Next, we investigated whether topical application of Lupeol inhibits TPA-induced activation and nuclear translocation of p65, the functionally active subunit of NF-kappaB in mouse skin. As shown by Western blot analysis, we found that TPA application onto mouse skin resulted in the activation and nuclear translocation of NF-kappaB/p65 (Figure 7a). However, topical application of Lupeol prior to TPA application inhibited TPA-induced NF-kappaB/p65 activation and nuclear translocation (Figure 7a).

Figure 7.
Figure 7 - Unfortunately we are unable to provide accessible alternative text for this. If you require assistance to access this image, please contact help@nature.com or the author

Inhibitory effect of Lupeol on TPA-induced NF-kappaB activation and its subsequent translocation to the nucleus in CD-1 mice. (a) At different time after treatment, the animals were killed, nuclear lysates were prepared and protein expression was determined as described under 'Materials and methods'. The values above each lane indicate relative density of the band. (b) At different time after treatment, the animals were killed, nuclear lysates were prepared and DNA binding was determined by EMSA as described under 'Materials and methods'. C1, C2 and C3 refer to inter experimental controls, where C1 represents biotin–EBNA (Epistein–Barr virus nuclear antigen) control DNA, C2 represents biotin–EBNA control DNA and EBNA extract and C3 represents biotin–EBNA control DNA and EBNA extract plus 200-fold molar excess of EBNA DNA. In C1, no protein extract for DNA to bind resulted in an unshifted band. In C2, sufficient target protein resulted in DNA–protein binding, resulting in shift detected in comparison to the band at position C1. C3 demonstrated that the signal shift observed in C2 could be prevented by competition from excess unlabeled DNA

Full figure and legend (87K)

Inhibitory effect of Lupeol on NF-kappaB–DNA binding using electrophoretic mobility shift assay (EMSA)

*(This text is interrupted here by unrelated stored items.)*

theorem lemma2:
  fixes \<Omega> :: "'a::euclidean_space set"
    and \<epsilon> \<eta> \<delta> :: real
    and mu :: "real \<Rightarrow> real"
    and M K :: nat
    and A0 A :: "nat \<Rightarrow> 'a set"
    and u0hat uhat :: "nat \<Rightarrow> real"
    and V :: "real \<Rightarrow> ('a \<Rightarrow> real) set"
    and chi0 chik :: "real \<Rightarrow> nat \<Rightarrow> 'a \<Rightarrow> real"
    and G0 Gk :: "real \<Rightarrow> nat \<Rightarrow> 'a \<Rightarrow> 'a"
    and phi0 :: "'a \<Rightarrow> real" and Gphi0 :: "'a \<Rightarrow> 'a"
  defines "S \<equiv> (\<Union>m\<in>{1..M}. frontier (A0 m)) - frontier \<Omega>"
  defines "Sd \<equiv> (\<lambda>d. nbhd \<Omega> S d)"
  defines "Ukd \<equiv> (\<lambda>k d. nbhd \<Omega> (frontier (A k)) d)"
  defines "Ud \<equiv> (\<lambda>d. \<Union>k\<in>{1..K}. Ukd k d)"
  defines "Dd \<equiv> (\<lambda>d. \<Omega> - closure (Ud d \<union> Sd d))"
  defines "Akd \<equiv> (\<lambda>k d. (\<Omega> - closure (Ukd k d)) \<inter> A k)"
  defines "Ad \<equiv> (\<lambda>d. \<Union>k\<in>{1..K}. Akd k d)"
  defines "V0 \<equiv> (\<lambda>d. V d \<inter> H1_0 \<Omega>)"
  defines "u\<delta> \<equiv> (\<lambda>x. (\<Sum>m\<in>{1..M}. u0hat m * chi0 \<delta> m x) + (\<Sum>k\<in>{1..K}. uhat k * chik \<delta> k x))"
  defines "Gu0\<delta> \<equiv> (\<lambda>x. \<Sum>m\<in>{1..M}. u0hat m *\<^sub>R G0 \<delta> m x)"
  defines "Gu\<delta> \<equiv> (\<lambda>x. Gu0\<delta> x + (\<Sum>k\<in>{1..K}. uhat k *\<^sub>R Gk \<delta> k x))"
  \<comment> \<open>domain\<close>
  assumes dom: "lipschitz_domain \<Omega>" "bounded \<Omega>" "connected \<Omega>" "\<Omega> \<noteq> {}"
  \<comment> \<open>weight\<close>
  assumes eps: "\<epsilon> > 0"
    and mu_mono: "\<And>s t. 0 \<le> s \<Longrightarrow> s \<le> t \<Longrightarrow> mu t \<le> mu s"
    and mu0: "mu 0 = 1 / \<epsilon>"
    and mu_pos: "\<And>t. 0 \<le> t \<Longrightarrow> mu t > 0"
    and mu_bd: "\<And>t. 0 \<le> t \<Longrightarrow> t * mu t \<le> 1"
  \<comment> \<open>background medium\<close>
  assumes A0_open: "\<And>m. m \<in> {1..M} \<Longrightarrow> open (A0 m) \<and> connected (A0 m)"
    and A0_disj: "\<And>m m'. m \<in> {1..M} \<Longrightarrow> m' \<in> {1..M} \<Longrightarrow> m \<noteq> m' \<Longrightarrow> A0 m \<inter> A0 m' = {}"
    and A0_cover: "closure \<Omega> \<subseteq> closure (\<Union>m\<in>{1..M}. A0 m)"
    and A0_bdry: "\<And>m. m \<in> {1..M} \<Longrightarrow>
                    hausdorff_measure (DIM('a) - 1) (frontier (A0 m) \<inter> frontier \<Omega>) > 0"
  \<comment> \<open>inclusions\<close>
  assumes A_open: "\<And>k. k \<in> {1..K} \<Longrightarrow> open (A k) \<and> connected (A k)"
    and A_cc: "\<And>k. k \<in> {1..K} \<Longrightarrow> compact (closure (A k)) \<and> closure (A k) \<subseteq> \<Omega> - S"
    and uhat_nz: "\<And>k. k \<in> {1..K} \<Longrightarrow> uhat k \<noteq> 0"
    and A_bdry_disj: "\<And>k j. k \<in> {1..K} \<Longrightarrow> j \<in> {1..K} \<Longrightarrow> k \<noteq> j \<Longrightarrow>
                         frontier (A k) \<inter> frontier (A j) = {}"
  \<comment> \<open>standing assumptions on eta\<close>
  assumes eta: "\<eta> > 0"
    and eta_A: "\<And>k. k \<in> {1..K} \<Longrightarrow> Akd k \<eta> \<noteq> {}"
    and eta_SU: "closure (Sd \<eta>) \<inter> closure (Ud \<eta>) = {}"
    and eta_UU: "\<And>k j. k \<in> {1..K} \<Longrightarrow> j \<in> {1..K} \<Longrightarrow> k \<noteq> j \<Longrightarrow>
                    closure (Ukd k \<eta>) \<inter> closure (Ukd j \<eta>) = {}"
    and eta_comp: "\<And>E. E \<in> components (Dd \<eta> - Ad \<eta>) \<Longrightarrow>
                    hausdorff_measure (DIM('a) - 1) (frontier E \<inter> frontier \<Omega>) > 0"
  \<comment> \<open>approximation spaces and approximate characteristic functions\<close>
  assumes V_sub: "\<And>d. d > 0 \<Longrightarrow> closed_H1_subspace \<Omega> (V d)"
    and chi0_V: "\<And>d m. d > 0 \<Longrightarrow> m \<in> {1..M} \<Longrightarrow> chi0 d m \<in> V d"
    and chik_V: "\<And>d k. d > 0 \<Longrightarrow> k \<in> {1..K} \<Longrightarrow> chik d k \<in> V0 d"
    and chi0_lim: "\<And>m. m \<in> {1..M} \<Longrightarrow>
       ((\<lambda>d. LINT x:\<Omega>|lebesgue. (chi0 d m x - indicator (A0 m) x)\<^sup>2) \<longlongrightarrow> 0) (at_right 0)"
    and chik_lim: "\<And>k. k \<in> {1..K} \<Longrightarrow>
       ((\<lambda>d. LINT x:\<Omega>|lebesgue. (chik d k x - indicator (A k) x)\<^sup>2) \<longlongrightarrow> 0) (at_right 0)"
  \<comment> \<open>gradients of the approximate characteristic functions, for 0 < d <= eta\<close>
  assumes G0_grad: "\<And>d m. d \<in> {0<..\<eta>} \<Longrightarrow> m \<in> {1..M} \<Longrightarrow> weak_grad \<Omega> (chi0 d m) (G0 d m)"
    and G0_Linf: "\<And>d m. d \<in> {0<..\<eta>} \<Longrightarrow> m \<in> {1..M} \<Longrightarrow>
                    \<exists>C. AE x in lebesgue. x \<in> \<Omega> \<longrightarrow> norm (G0 d m x) \<le> C"
    and G0_supp: "\<And>d m. d \<in> {0<..\<eta>} \<Longrightarrow> m \<in> {1..M} \<Longrightarrow>
                    AE x in lebesgue. x \<in> \<Omega> - closure (Sd d) \<longrightarrow> G0 d m x = 0"
    and Gk_grad: "\<And>d k. d \<in> {0<..\<eta>} \<Longrightarrow> k \<in> {1..K} \<Longrightarrow> weak_grad \<Omega> (chik d k) (Gk d k)"
    and Gk_Linf: "\<And>d k. d \<in> {0<..\<eta>} \<Longrightarrow> k \<in> {1..K} \<Longrightarrow>
                    \<exists>C. AE x in lebesgue. x \<in> \<Omega> \<longrightarrow> norm (Gk d k x) \<le> C"
    and Gk_supp: "\<And>d k. d \<in> {0<..\<eta>} \<Longrightarrow> k \<in> {1..K} \<Longrightarrow>
                    AE x in lebesgue. x \<in> \<Omega> - closure (Ukd k d) \<longrightarrow> Gk d k x = 0"
  \<comment> \<open>the weighted Dirichlet problem at the given delta\<close>
  assumes delta: "\<delta> \<in> {0<..\<eta>}"
    and phi0_V: "phi0 \<in> V \<delta>"
    and phi0_grad: "weak_grad \<Omega> phi0 Gphi0"
    and phi0_eq: "\<And>v gv. v \<in> V0 \<delta> \<Longrightarrow> weak_grad \<Omega> v gv \<Longrightarrow>
                    (LINT x:\<Omega>|lebesgue. mu (norm (Gu\<delta> x)) * (Gphi0 x \<bullet> gv x)) = 0"
    and phi0_bc: "(\<lambda>x. phi0 x - u\<delta> x) \<in> V0 \<delta>"
  shows "(LINT x:Dd \<delta>|lebesgue. (norm (Gphi0 x))\<^sup>2) \<le> \<epsilon> * (LINT x:\<Omega>|lebesgue. norm (Gu0\<delta> x))"
proof -
  have "open \<Omega>" using dom(1) unfolding lipschitz_domain_def by blast
  then have \<Omega>: "\<Omega> \<in> sets lebesgue" "finite_measure (lebesgue_on \<Omega>)"
    using dom(2) by (simp_all add: finite_measure_lebesgue_on lmeasurable_open)
  have \<delta>: "0 < \<delta>" "\<delta> \<le> \<eta>" using delta by auto
  have wG0: "weak_grad \<Omega> (\<lambda>x. \<Sum>m\<in>{1..M}. u0hat m * chi0 \<delta> m x) Gu0\<delta>"
    unfolding Gu0\<delta>_def using G0_grad[OF delta] by (intro weak_grad_sum) auto
  have "weak_grad \<Omega> (\<lambda>x. \<Sum>k\<in>{1..K}. uhat k * chik \<delta> k x) (\<lambda>x. \<Sum>k\<in>{1..K}. uhat k *\<^sub>R Gk \<delta> k x)"
    using Gk_grad[OF delta] by (intro weak_grad_sum) auto
  then have wu: "weak_grad \<Omega> (\<lambda>x. phi0 x - u\<delta> x) (\<lambda>x. Gphi0 x - Gu\<delta> x)"
    unfolding u\<delta>_def Gu\<delta>_def by (intro weak_grad_diff[OF phi0_grad] weak_grad_add[OF wG0])
  have "Sd \<delta> \<subseteq> Sd \<eta>" "Ud \<delta> \<subseteq> Ud \<eta>"
    using nbhd_mono[OF \<delta>(2)] unfolding Sd_def Ud_def Ukd_def by blast+
  then have SU: "closure (Sd \<delta>) \<inter> closure (Ud \<delta>) = {}"
    using eta_SU closure_mono by blast
  have "(\<integral>x. indicator (Dd \<delta>) x * (norm (Gphi0 x))\<^sup>2 \<partial>lebesgue_on \<Omega>)
      \<le> \<epsilon> * (\<integral>x. norm (Gu0\<delta> x) \<partial>lebesgue_on \<Omega>)"
  proof (rule weighted_energy_interior_bound[OF \<Omega>(2) finite_atLeastAtMost _ _ _ _ _ SU])
    show "admissible_weight \<epsilon> mu"
      using eps mu_mono mu0 mu_pos mu_bd unfolding admissible_weight_def by blast
    show "Gphi0 \<in> borel_measurable (lebesgue_on \<Omega>)"
      using \<open>open \<Omega>\<close> phi0_grad by (rule weak_grad_measurable)
    show "integrable (lebesgue_on \<Omega>) (\<lambda>x. (norm (Gphi0 x))\<^sup>2)"
      using V_sub[OF \<delta>(1)] phi0_V unfolding closed_H1_subspace_def
      by (intro weak_grad_square_integrable[OF \<open>open \<Omega>\<close> _ phi0_grad]) blast
    show "ess_bounded_supported (lebesgue_on \<Omega>) (closure (Sd \<delta>)) Gu0\<delta>"
      unfolding Gu0\<delta>_def using \<open>open \<Omega>\<close> G0_grad[OF delta] G0_Linf[OF delta] G0_supp[OF delta]
      by (intro ess_bounded_supported_sum ess_bounded_supported_lebesgue_onI) auto
    show "ess_bounded_supported (lebesgue_on \<Omega>) (closure (Ud \<delta>)) (Gk \<delta> k)" if "k \<in> {1..K}" for k
    proof (rule ess_bounded_supported_mono)
      show "ess_bounded_supported (lebesgue_on \<Omega>) (closure (Ukd k \<delta>)) (Gk \<delta> k)"
        using Gk_grad[OF delta that] Gk_Linf[OF delta that] Gk_supp[OF delta that]
        by (rule ess_bounded_supported_lebesgue_onI[OF \<open>open \<Omega>\<close>])
      show "closure (Ukd k \<delta>) \<subseteq> closure (Ud \<delta>)"
        using that unfolding Ud_def by (intro closure_mono) blast
    qed
    show "Dd \<delta> \<in> sets (lebesgue_on \<Omega>)"
      using \<Omega>(1) \<open>open \<Omega>\<close> unfolding Dd_def
      by (simp add: sets_restrict_space_iff borel_sets_imp_lebesgue_sets)
    show "Dd \<delta> \<inter> (closure (Sd \<delta>) \<union> closure (Ud \<delta>)) = {}"
      by (auto simp: Dd_def closure_Un)
    show "Gu\<delta> x = Gu0\<delta> x + (\<Sum>k\<in>{1..K}. uhat k *\<^sub>R Gk \<delta> k x)" for x
      by (simp add: Gu\<delta>_def)
    show "(\<integral>x. mu (norm (Gu\<delta> x)) * (Gphi0 x \<bullet> (Gphi0 x - Gu\<delta> x)) \<partial>lebesgue_on \<Omega>) = 0"
      using phi0_eq[OF phi0_bc wu] by (simp add: set_integral_eq_integral_lebesgue_on[OF \<Omega>(1)])
    show "(\<integral>x. mu (norm (Gu\<delta> x)) * (Gphi0 x \<bullet> Gk \<delta> k x) \<partial>lebesgue_on \<Omega>) = 0" if "k \<in> {1..K}" for k
      using phi0_eq[OF chik_V[OF \<delta>(1) that] Gk_grad[OF delta that]]
      by (simp add: set_integral_eq_integral_lebesgue_on[OF \<Omega>(1)])
  qed
  moreover have "Dd \<delta> \<subseteq> \<Omega>" by (auto simp: Dd_def)
  ultimately show ?thesis
    by (simp add: set_integral_eq_integral_lebesgue_on[OF \<Omega>(1)]
        set_integral_subset_eq_integral_lebesgue_on[OF \<Omega>(1)])
qed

We next performed EMSA to investigate the effect of Lupeol treatment on TPA-induced NFkappaB–DNA-binding activity. As shown in Figure 7b, TPA treatment resulted in a marked increase of NF-kappaB–DNA-binding activity in comparison to control and Lupeol groups (Figure 7b). The induction of NF-kappaB–DNA-binding activity coincided with the degradation of IkappaBalpha and activation of IKKalpha (Figure 6c). Prior application of Lupeol to mouse skin significantly inhibited TPA-induced epidermal NF-kappaB–DNA-binding activity (Figure 7b).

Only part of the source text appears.